Æthelweard writes that sixteen Viking ships met King Alfred’s fleet in loco Stufemuðan ‘in the place (called) Stourmouth’. Only Chronicle A and Æthelweard read Stufe. Later compilations of the Chronicle and the Medieval life of King Alfred attributed to Asser read Sture. This may be a scribal error in Manuscript A and its precursor, copied by Æthelweard or it may refer to another river. It is tempting to think that Stufe may have been a vernacular term to distinguish the two Kent rivers, the Lesser river Stufe from the Greater river Sture but there is no evidence to support this. There are several rivers named Stour in England. There is, however, only one place called Stourmouth, once at the common mouth of both the Stours, located on the Wantsum Channel in Kent (Fig. 1).11 This evidence alone suggests that the idea that the first engagement took place off Stourmouth in the Wantsum Channel should be taken seriously, together with the fact that Chronicles B, C, D and E all state that King Alfred’s fleet left from somewhere in Kent.

The nature of the Danish fleet engaged by Alfred

Æthelweard goes on to tell us that King Alfred’s fleet dealt with these sixteen ships vastantur quidem armis ‘clearing them by force of arms’, then Æthelweard records that the rest of the Viking fleet ‘came on its course so as to meet them’. This seems to mean that further Viking ships, presumably having entered the Wantsum Channel at Reculver from the Thames estuary (perhaps from Benfleet, Essex), followed a little way behind the sixteen defeated Viking ships, to confront King Alfred’s smaller fleet. Campbell’s translation then becomes even stranger. In describing the actions of the Viking fleet, he translates Æthelweard’s two short stylistic sentences of verb and objects, perhaps written to emphasize that two things happened consecutively, insistunt remis; deponunt scarmos – as ‘they plied their oars, and then dropped their rowing-gear’. This does not make any sort of sense, as the last thing sailors on ships entering a naval skirmish would do, would be to drop their ‘rowing-gear’12 for that would be to discard their means of making a quick retreat. The realities of early medieval naval skirmishes, which usually occurred in confined conditions such as river estuaries, suggest that the Viking fleet, having sneaked into the Wantsum Channel, would row as fast as possible, then use their oars together with weapons to fend off enemy ships and continue on their planned passage. Campbell says that scarmos13 was a corruption of scalmos ‘already established in glossarial literature’.14 He implies in his translation that scarmos referred to thole pins to which the oars are fixed, noting that Æthelweard used the word pars pro toto.15 Scarmos may have referred to thole pins. Oarsmen certainly need something to push the oar against in order to propel the boat forward and they would not have dropped them overboard just before a naval skirmish had that, indeed, been practical.

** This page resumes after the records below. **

(* Let $S,T$ be left inverse semi-braces, $\sigma:T\to\mathrm{Aut}(S)$ a homomorphism from $(T,\cdot)$ into the automorphism group of the left inverse semi-brace $S$ (write ${}^ua=\sigma(u)(a)$), $\delta:S\to\mathrm{End}(T)$ a map into the endomorphism semigroup of $(T,+)$ (write $u^a=\delta(a)(u)$), and $\mathfrak b:S\times S\to T$ a $\delta$-cocycle such that $$\mathfrak b\left(a\,{}^ub,\lambda_a({}^uc)\right)+(uv)^{\lambda_a({}^uc)}+u\left(\mathfrak b\left({}^{u^{-1}}(a^{-1}),c\right)+(u^{-1})^c\right)=u\left(\mathfrak b(b,c)+v^c\right)$$ for all $a,b,c\in S$ and $u,v\in T$. Then $S\times T$ with $$(a,u)+(b,v)=\left(a+b,\ \mathfrak b(a,b)+u^b+v\right),\qquad (a,u)(b,v)=(a\,{}^ub,\,uv)$$ is a left inverse semi-brace (the asymmetric product of $S$ and $T$ via $\sigma$, $\delta$, $\mathfrak b$).
   Context: An inverse semigroup is a semigroup $(S,\cdot)$ in which for each $a$ there is a unique $a^{-1}$ with $aa^{-1}a=a$, $a^{-1}aa^{-1}=a^{-1}$. A left inverse semi-brace is a triple $(S,+,\cdot)$ with $(S,+)$ a semigroup, $(S,\cdot)$ an inverse semigroup and $a(b+c)=ab+a(a^{-1}+c)$ for all $a,b,c$; set $\lambda_a(b)=a(a^{-1}+b)$. An automorphism of the left inverse semi-brace $S$ is a bijection preserving both operations. Given semigroups $(S,+)$, $(T,+)$ and a map $\delta:S\to\mathrm{End}(T,+)$ with $u^a=\delta(a)(u)$, a $\delta$-cocycle is a map $\mathfrak b:S\times S\to T$ such that $\mathfrak b(a+b,c)+\mathfrak b(a,b)^c+(u^b)^c+v^c=\mathfrak b(a,b+c)+u^{b+c}+\mathfrak b(b,c)+v^c$ for all $a,b,c\in S$, $u,v\in T$. *)

theory Defs
  imports Main
begin

definition assoc_op :: "('a \<Rightarrow> 'a \<Rightarrow> 'a) \<Rightarrow> bool" where
  "assoc_op f \<longleftrightarrow> (\<forall>a b c. f (f a b) c = f a (f b c))"

definition inverse_semigroup :: "('a \<Rightarrow> 'a \<Rightarrow> 'a) \<Rightarrow> bool" where
  "inverse_semigroup mul \<longleftrightarrow> assoc_op mul \<and>
     (\<forall>a. \<exists>!b. mul (mul a b) a = a \<and> mul (mul b a) b = b)"

definition inv_sg :: "('a \<Rightarrow> 'a \<Rightarrow> 'a) \<Rightarrow> 'a \<Rightarrow> 'a" where
  "inv_sg mul a = (THE b. mul (mul a b) a = a \<and> mul (mul b a) b = b)"

definition left_inverse_semi_brace :: "('a \<Rightarrow> 'a \<Rightarrow> 'a) \<Rightarrow> ('a \<Rightarrow> 'a \<Rightarrow> 'a) \<Rightarrow> bool" where
  "left_inverse_semi_brace add mul \<longleftrightarrow> assoc_op add \<and> inverse_semigroup mul \<and>
     (\<forall>a b c. mul a (add b c) = add (mul a b) (mul a (add (inv_sg mul a) c)))"

definition lam :: "('a \<Rightarrow> 'a \<Rightarrow> 'a) \<Rightarrow> ('a \<Rightarrow> 'a \<Rightarrow> 'a) \<Rightarrow> 'a \<Rightarrow> 'a \<Rightarrow> 'a" where
  "lam add mul a b = mul a (add (inv_sg mul a) b)"

definition semi_brace_aut :: "('a \<Rightarrow> 'a \<Rightarrow> 'a) \<Rightarrow> ('a \<Rightarrow> 'a \<Rightarrow> 'a) \<Rightarrow> ('a \<Rightarrow> 'a) \<Rightarrow> bool" where
  "semi_brace_aut add mul f \<longleftrightarrow> bij f \<and>
     (\<forall>a b. f (add a b) = add (f a) (f b)) \<and> (\<forall>a b. f (mul a b) = mul (f a) (f b))"

definition add_endo :: "('b \<Rightarrow> 'b \<Rightarrow> 'b) \<Rightarrow> ('b \<Rightarrow> 'b) \<Rightarrow> bool" where
  "add_endo add f \<longleftrightarrow> (\<forall>u v. f (add u v) = add (f u) (f v))"

(* delta-cocycle; delta a u stands for u^a *)
definition delta_cocycle ::
  "('a \<Rightarrow> 'a \<Rightarrow> 'a) \<Rightarrow> ('b \<Rightarrow> 'b \<Rightarrow> 'b) \<Rightarrow> ('a \<Rightarrow> 'b \<Rightarrow> 'b) \<Rightarrow> ('a \<Rightarrow> 'a \<Rightarrow> 'b) \<Rightarrow> bool" where
  "delta_cocycle addS addT delta bc \<longleftrightarrow>
     (\<forall>a b c u v.
        addT (addT (addT (bc (addS a b) c) (delta c (bc a b))) (delta c (delta b u))) (delta c v)
      = addT (addT (addT (bc a (addS b c)) (delta (addS b c) u)) (bc b c)) (delta c v))"

end

theory Submission
  imports Defs
begin

(* The additive structure is a cocycle extension, whose associativity is exactly the cocycle
   identity; the multiplicative structure is the semidirect product of inverse semigroups, whose
   inverse is (a,u)^-1 = (u^-1 a^-1, u^-1) because sigma sends every idempotent of T to the
   identity (an idempotent bijection is the identity). In the left brace law the second coordinate
   is then the distributivity of T combined with the compatibility condition on bc. *)

definition asym_add :: "('a \<Rightarrow> 'a \<Rightarrow> 'a) \<Rightarrow> ('b \<Rightarrow> 'b \<Rightarrow> 'b) \<Rightarrow> ('a \<Rightarrow> 'b \<Rightarrow> 'b) \<Rightarrow>
    ('a \<Rightarrow> 'a \<Rightarrow> 'b) \<Rightarrow> 'a \<times> 'b \<Rightarrow> 'a \<times> 'b \<Rightarrow> 'a \<times> 'b" where
  "asym_add addS addT delta bc = (\<lambda>(a, u) (b, v). (addS a b, addT (addT (bc a b) (delta b u)) v))"

definition semidirect_mul :: "('a \<Rightarrow> 'a \<Rightarrow> 'a) \<Rightarrow> ('b \<Rightarrow> 'b \<Rightarrow> 'b) \<Rightarrow> ('b \<Rightarrow> 'a \<Rightarrow> 'a) \<Rightarrow>
    'a \<times> 'b \<Rightarrow> 'a \<times> 'b \<Rightarrow> 'a \<times> 'b" where
  "semidirect_mul mulS mulT sigma = (\<lambda>(a, u) (b, v). (mulS a (sigma u b), mulT u v))"

lemma asym_add_Pair [simp]:
  "asym_add addS addT delta bc (a, u) (b, v) = (addS a b, addT (addT (bc a b) (delta b u)) v)"
  by (simp add: asym_add_def)

lemma semidirect_mul_Pair [simp]:
  "semidirect_mul mulS mulT sigma (a, u) (b, v) = (mulS a (sigma u b), mulT u v)"
  by (simp add: semidirect_mul_def)

lemma inverse_semigroup_assoc:
  "inverse_semigroup mul \<Longrightarrow> mul (mul a b) c = mul a (mul b c)"
  unfolding inverse_semigroup_def assoc_op_def by blast

lemma inv_sg_regular:
  assumes "inverse_semigroup mul"
  shows "mul (mul a (inv_sg mul a)) a = a"
    and "mul (mul (inv_sg mul a) a) (inv_sg mul a) = inv_sg mul a"
proof -
  from assms have "\<exists>!b. mul (mul a b) a = a \<and> mul (mul b a) b = b"
    unfolding inverse_semigroup_def by blast
  then have "mul (mul a (inv_sg mul a)) a = a \<and> mul (mul (inv_sg mul a) a) (inv_sg mul a) = inv_sg mul a"
    unfolding inv_sg_def by (rule theI')
  then show "mul (mul a (inv_sg mul a)) a = a"
    and "mul (mul (inv_sg mul a) a) (inv_sg mul a) = inv_sg mul a" by auto
qed

lemma inv_sg_eqI:
  assumes "inverse_semigroup mul" "mul (mul a b) a = a" "mul (mul b a) b = b"
  shows "inv_sg mul a = b"
proof -
  from assms(1) have "\<exists>!b. mul (mul a b) a = a \<and> mul (mul b a) b = b"
    unfolding inverse_semigroup_def by blast
  then show ?thesis
    unfolding inv_sg_def by (rule the1_equality) (use assms in auto)
qed

lemma inverse_semigroupI:
  assumes "assoc_op mul" "\<And>a. mul (mul a (i a)) a = a" "\<And>a. mul (mul (i a) a) (i a) = i a"
    and "\<And>a b. mul (mul a b) a = a \<Longrightarrow> mul (mul b a) b = b \<Longrightarrow> b = i a"
  shows "inverse_semigroup mul"
  unfolding inverse_semigroup_def using assms by blast

lemma inv_sg_idempotent:
  assumes "inverse_semigroup mul"
  shows "mul (mul a (inv_sg mul a)) (mul a (inv_sg mul a)) = mul a (inv_sg mul a)"
    and "mul (mul (inv_sg mul a) a) (mul (inv_sg mul a) a) = mul (inv_sg mul a) a"
  by (metis assms inverse_semigroup_assoc inv_sg_regular)+

lemma bij_idempotent_eq_id:
  assumes "bij f" "\<And>x. f (f x) = f x"
  shows "f x = x"
  using assms by (metis bij_is_inj injD)

locale semidirect_inverse_semigroup =
  fixes mulS :: "'a \<Rightarrow> 'a \<Rightarrow> 'a" and mulT :: "'b \<Rightarrow> 'b \<Rightarrow> 'b" and sigma :: "'b \<Rightarrow> 'a \<Rightarrow> 'a"
  assumes inverse_S: "inverse_semigroup mulS"
    and inverse_T: "inverse_semigroup mulT"
    and sigma_bij: "bij (sigma u)"
    and sigma_mulS: "sigma u (mulS a b) = mulS (sigma u a) (sigma u b)"
    and sigma_mulT: "sigma (mulT u v) a = sigma u (sigma v a)"
begin

abbreviation "iS \<equiv> inv_sg mulS"
abbreviation "iT \<equiv> inv_sg mulT"
abbreviation "mul \<equiv> semidirect_mul mulS mulT sigma"

lemma sigma_idempotent_eq_id:
  assumes "mulT e e = e"
  shows "sigma e a = a"
  by (rule bij_idempotent_eq_id[OF sigma_bij]) (metis assms sigma_mulT)

lemma sigma_mulT_inv_sg [simp]:
  "sigma (mulT u (iT u)) a = a"
  "sigma (mulT (iT u) u) a = a"
  by (simp_all add: sigma_idempotent_eq_id inv_sg_idempotent[OF inverse_T])

lemma sigma_cancel [simp]:
  "sigma u (sigma (iT u) a) = a"
  "sigma (iT u) (sigma u a) = a"
  by (simp_all flip: sigma_mulT)

lemma assoc_op_semidirect_mul: "assoc_op mul"
  unfolding assoc_op_def semidirect_mul_def
  by (auto simp: inverse_semigroup_assoc[OF inverse_S] inverse_semigroup_assoc[OF inverse_T]
      sigma_mulS sigma_mulT)

definition semidirect_inv :: "'a \<times> 'b \<Rightarrow> 'a \<times> 'b" where
  "semidirect_inv = (\<lambda>(a, u). (sigma (iT u) (iS a), iT u))"

lemma semidirect_inv_regular:
  "mul (mul p (semidirect_inv p)) p = p"
  "mul (mul (semidirect_inv p) p) (semidirect_inv p) = semidirect_inv p"
  by (cases p; simp add: semidirect_inv_def inv_sg_regular[OF inverse_T] inv_sg_regular[OF inverse_S]
        flip: sigma_mulS sigma_mulT)+

lemma semidirect_inv_unique:
  assumes h1: "mul (mul (a, u) (x, w)) (a, u) = (a, u)"
    and h2: "mul (mul (x, w) (a, u)) (x, w) = (x, w)"
  shows "(x, w) = semidirect_inv (a, u)"
proof -
  from h1 h2 have "mulT (mulT u w) u = u" "mulT (mulT w u) w = w" by auto
  then have w: "w = iT u" using inv_sg_eqI[OF inverse_T] by metis
  from h1 have "mulS (mulS a (sigma u x)) a = a" by (simp add: w)
  moreover from h2 have "mulS (mulS x (sigma w a)) x = x" by (simp add: w)
  then have "sigma u (mulS (mulS x (sigma w a)) x) = sigma u x" by simp
  then have "mulS (mulS (sigma u x) a) (sigma u x) = sigma u x"
    by (simp add: sigma_mulS w)
  ultimately have "iS a = sigma u x" by (rule inv_sg_eqI[OF inverse_S])
  then show ?thesis by (simp add: semidirect_inv_def w)
qed

lemma inverse_semigroup_semidirect_mul: "inverse_semigroup mul"
proof (rule inverse_semigroupI[where i = semidirect_inv])
  fix p q :: "'a \<times> 'b"
  assume "mul (mul p q) p = p" "mul (mul q p) q = q"
  then show "q = semidirect_inv p"
    using semidirect_inv_unique by (metis surj_pair)
qed (fact assoc_op_semidirect_mul semidirect_inv_regular)+

lemma inv_sg_semidirect_mul: "inv_sg mul (a, u) = (sigma (iT u) (iS a), iT u)"
  using inv_sg_eqI[OF inverse_semigroup_semidirect_mul semidirect_inv_regular[of "(a, u)"]]
  by (simp add: semidirect_inv_def)

end

lemma assoc_op_asym_add:
  assumes "assoc_op addS" "assoc_op addT"
    and "\<forall>a. add_endo addT (delta a)"
    and "delta_cocycle addS addT delta bc"
  shows "assoc_op (asym_add addS addT delta bc)"
proof -
  have addT_assoc: "addT (addT x y) z = addT x (addT y z)" for x y z
    using assms(2) unfolding assoc_op_def by blast
  have "asym_add addS addT delta bc (asym_add addS addT delta bc (a, u) (b, v)) (c, w)
      = asym_add addS addT delta bc (a, u) (asym_add addS addT delta bc (b, v) (c, w))" for a b c u v w
  proof -
    have "addT (addT (addT (bc (addS a b) c) (delta c (bc a b))) (delta c (delta b u))) (delta c v)
        = addT (addT (addT (bc a (addS b c)) (delta (addS b c) u)) (bc b c)) (delta c v)"
      using assms(4) unfolding delta_cocycle_def by blast
    then show ?thesis
      using assms(1,3) unfolding assoc_op_def add_endo_def by (simp add: addT_assoc)
  qed
  then show ?thesis
    unfolding assoc_op_def by simp
qed

lemma (in semidirect_inverse_semigroup) semidirect_mul_asym_add_distrib:
  assumes S: "left_inverse_semi_brace addS mulS"
    and T: "left_inverse_semi_brace addT mulT"
    and sigma_addS: "\<And>u a b. sigma u (addS a b) = addS (sigma u a) (sigma u b)"
    and cond: "\<And>a b c u v.
       addT (addT (bc (mulS a (sigma u b)) (lam addS mulS a (sigma u c)))
                  (delta (lam addS mulS a (sigma u c)) (mulT u v)))
            (mulT u (addT (bc (sigma (iT u) (iS a)) c) (delta c (iT u))))
       = mulT u (addT (bc b c) (delta c v))"
  shows "mul p (asym_add addS addT delta bc q r)
    = asym_add addS addT delta bc (mul p q) (mul p (asym_add addS addT delta bc (inv_sg mul p) r))"
proof -
  obtain a u b v c w where pqr: "p = (a, u)" "q = (b, v)" "r = (c, w)"
    by (metis surj_pair)
  have distS: "mulS x (addS y z) = addS (mulS x y) (lam addS mulS x z)" for x y z
    using S unfolding left_inverse_semi_brace_def lam_def by blast
  have distT: "mulT x (addT y z) = addT (mulT x y) (mulT x (addT (iT x) z))" for x y z
    using T unfolding left_inverse_semi_brace_def by blast
  have addT_assoc: "addT (addT x y) z = addT x (addT y z)" for x y z
    using T unfolding left_inverse_semi_brace_def assoc_op_def by blast
  define l where "l = lam addS mulS a (sigma u c)"
  define y where "y = addT (bc (sigma (iT u) (iS a)) c) (delta c (iT u))"
  have first: "mulS a (sigma u (addS b c)) = addS (mulS a (sigma u b)) l"
    by (simp only: sigma_addS distS l_def)
  have "mulT u (addT (addT (bc b c) (delta c v)) w)
      = addT (mulT u (addT (bc b c) (delta c v))) (mulT u (addT (iT u) w))"
    by (rule distT)
  also have "\<dots> = addT (addT (addT (bc (mulS a (sigma u b)) l) (delta l (mulT u v))) (mulT u y))
      (mulT u (addT (iT u) w))"
    unfolding l_def y_def cond ..
  also have "\<dots> = addT (addT (bc (mulS a (sigma u b)) l) (delta l (mulT u v))) (mulT u (addT y w))"
    by (simp only: distT[of u y w] addT_assoc)
  finally have second: "mulT u (addT (addT (bc b c) (delta c v)) w)
      = addT (addT (bc (mulS a (sigma u b)) l) (delta l (mulT u v))) (mulT u (addT y w))" .
  have "mulS a (sigma u (addS (sigma (iT u) (iS a)) c)) = l"
    by (simp add: l_def lam_def sigma_addS)
  with first second show ?thesis
    by (simp add: pqr inv_sg_semidirect_mul y_def)
qed

theorem theorem52:
  fixes addS mulS :: "'a \<Rightarrow> 'a \<Rightarrow> 'a"
    and addT mulT :: "'b \<Rightarrow> 'b \<Rightarrow> 'b"
    and sigma :: "'b \<Rightarrow> 'a \<Rightarrow> 'a"
    and delta :: "'a \<Rightarrow> 'b \<Rightarrow> 'b"
    and bc :: "'a \<Rightarrow> 'a \<Rightarrow> 'b"
  assumes S: "left_inverse_semi_brace addS mulS"
    and T: "left_inverse_semi_brace addT mulT"
    and sigma_aut: "\<forall>u. semi_brace_aut addS mulS (sigma u)"
    and sigma_hom: "\<forall>u v. sigma (mulT u v) = sigma u \<circ> sigma v"
    and delta_end: "\<forall>a. add_endo addT (delta a)"
    and cocycle: "delta_cocycle addS addT delta bc"
    and cond: "\<forall>a b c u v.
       addT (addT (bc (mulS a (sigma u b)) (lam addS mulS a (sigma u c)))
                  (delta (lam addS mulS a (sigma u c)) (mulT u v)))
            (mulT u (addT (bc (sigma (inv_sg mulT u) (inv_sg mulS a)) c)
                          (delta c (inv_sg mulT u))))
       = mulT u (addT (bc b c) (delta c v))"
  shows "left_inverse_semi_brace
           (\<lambda>(a, u) (b, v). (addS a b, addT (addT (bc a b) (delta b u)) v))
           (\<lambda>(a, u) (b, v). (mulS a (sigma u b), mulT u v))"
proof -
  have S_parts: "assoc_op addS" "inverse_semigroup mulS"
    and T_parts: "assoc_op addT" "inverse_semigroup mulT"
    using S T by (simp_all add: left_inverse_semi_brace_def)
  interpret semidirect_inverse_semigroup mulS mulT sigma
  proof
    show "bij (sigma u)" "sigma u (mulS a b) = mulS (sigma u a) (sigma u b)" for u a b
      using sigma_aut unfolding semi_brace_aut_def by blast+
  qed (simp_all add: S_parts T_parts sigma_hom)
  have sigma_addS: "sigma u (addS a b) = addS (sigma u a) (sigma u b)" for u a b
    using sigma_aut unfolding semi_brace_aut_def by blast
  have "left_inverse_semi_brace (asym_add addS addT delta bc) (semidirect_mul mulS mulT sigma)"
    unfolding left_inverse_semi_brace_def
    using assoc_op_asym_add[OF S_parts(1) T_parts(1) delta_end cocycle]
      inverse_semigroup_semidirect_mul
      semidirect_mul_asym_add_distrib[OF S T sigma_addS cond[rule_format]]
    by (intro conjI allI)
  then show ?thesis
    by (simp only: asym_add_def semidirect_mul_def)
qed

end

The very large size of fleets that transported the main Danish armies, generally between 50-350 ships, has been much studied, and it is generally thought that they have been recorded with a fair degree of accuracy.16 On the other hand, trading fleets were much smaller. The 16 Viking ships first encountered and defeated by King Alfred’s fleet suggests that it was such a one. What trade commodities were on board these Viking ships? The Dictionary of Medieval Latin from British Sources includes the word ‘scarmus, masculine, thole-pin, a late form of scalmus’ but the editor (who was kind enough to send the author the relevant slips before publication) notes that ‘in this author (Æthelweard) the sense cannot be regarded as certain’. There is a word scalmus meaning ‘heel (shovel), from the Greek word meaning ‘knife, sword’, but the earliest occurrence noted is 1570. The word occurs in Manipulus Vocabulorum17 and it is possible that scarmos referred generally to a cargo of knives, swords and ploughshares.

Alfred’s port of embarkation

What value can we place on the naming of Kent in some versions of the Chronicle as the fleet’s place of embarkation? If it left from Kent, from where? It is unlikely to have been Rochester, for, as already mentioned, earlier in 885 King Alfred had chosen to take an army overland to relieve the besieged town of Rochester. To anyone who has sailed in the Medway estuary, the near impossibility of entering the river with an enemy force encamped around Rochester (and on Sheppey also probably) is very obvious.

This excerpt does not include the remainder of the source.